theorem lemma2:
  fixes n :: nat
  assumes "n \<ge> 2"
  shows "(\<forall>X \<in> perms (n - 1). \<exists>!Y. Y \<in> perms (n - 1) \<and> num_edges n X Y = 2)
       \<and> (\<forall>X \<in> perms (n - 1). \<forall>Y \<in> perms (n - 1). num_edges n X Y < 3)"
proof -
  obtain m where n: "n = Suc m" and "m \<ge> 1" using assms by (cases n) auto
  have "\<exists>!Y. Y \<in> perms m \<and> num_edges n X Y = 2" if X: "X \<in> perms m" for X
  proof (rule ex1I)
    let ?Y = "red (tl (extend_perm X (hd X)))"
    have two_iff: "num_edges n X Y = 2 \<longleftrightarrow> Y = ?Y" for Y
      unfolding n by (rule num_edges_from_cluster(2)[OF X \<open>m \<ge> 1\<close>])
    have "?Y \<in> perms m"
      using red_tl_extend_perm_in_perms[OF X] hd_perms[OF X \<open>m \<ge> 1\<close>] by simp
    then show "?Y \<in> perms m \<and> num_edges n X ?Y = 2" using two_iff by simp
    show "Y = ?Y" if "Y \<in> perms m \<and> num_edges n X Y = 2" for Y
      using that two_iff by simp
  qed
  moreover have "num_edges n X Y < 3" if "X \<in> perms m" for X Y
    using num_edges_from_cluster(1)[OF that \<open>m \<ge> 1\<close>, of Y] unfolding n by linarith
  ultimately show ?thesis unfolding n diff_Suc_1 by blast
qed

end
==========
Exercise directions: Everything before the line containing "num_edges n X Y = 2)" stays out. Write out that line and the rest of the entries exactly.

Finished task:
  shows "(\<forall>X \<in> perms (n - 1). \<exists>!Y. Y \<in> perms (n - 1) \<and> num_edges n X Y = 2)
       \<and> (\<forall>X \<in> perms (n - 1). \<forall>Y \<in> perms (n - 1). num_edges n X Y < 3)"
proof -
  obtain m where n: "n = Suc m" and "m \<ge> 1" using assms by (cases n) auto
  have "\<exists>!Y. Y \<in> perms m \<and> num_edges n X Y = 2" if X: "X \<in> perms m" for X
  proof (rule ex1I)
    let ?Y = "red (tl (extend_perm X (hd X)))"
    have two_iff: "num_edges n X Y = 2 \<longleftrightarrow> Y = ?Y" for Y
      unfolding n by (rule num_edges_from_cluster(2)[OF X \<open>m \<ge> 1\<close>])
    have "?Y \<in> perms m"
      using red_tl_extend_perm_in_perms[OF X] hd_perms[OF X \<open>m \<ge> 1\<close>] by simp
    then show "?Y \<in> perms m \<and> num_edges n X ?Y = 2" using two_iff by simp
    show "Y = ?Y" if "Y \<in> perms m \<and> num_edges n X Y = 2" for Y
      using that two_iff by simp
  qed
  moreover have "num_edges n X Y < 3" if "X \<in> perms m" for X Y
    using num_edges_from_cluster(1)[OF that \<open>m \<ge> 1\<close>, of Y] unfolding n by linarith
  ultimately show ?thesis unfolding n diff_Suc_1 by blast
qed

end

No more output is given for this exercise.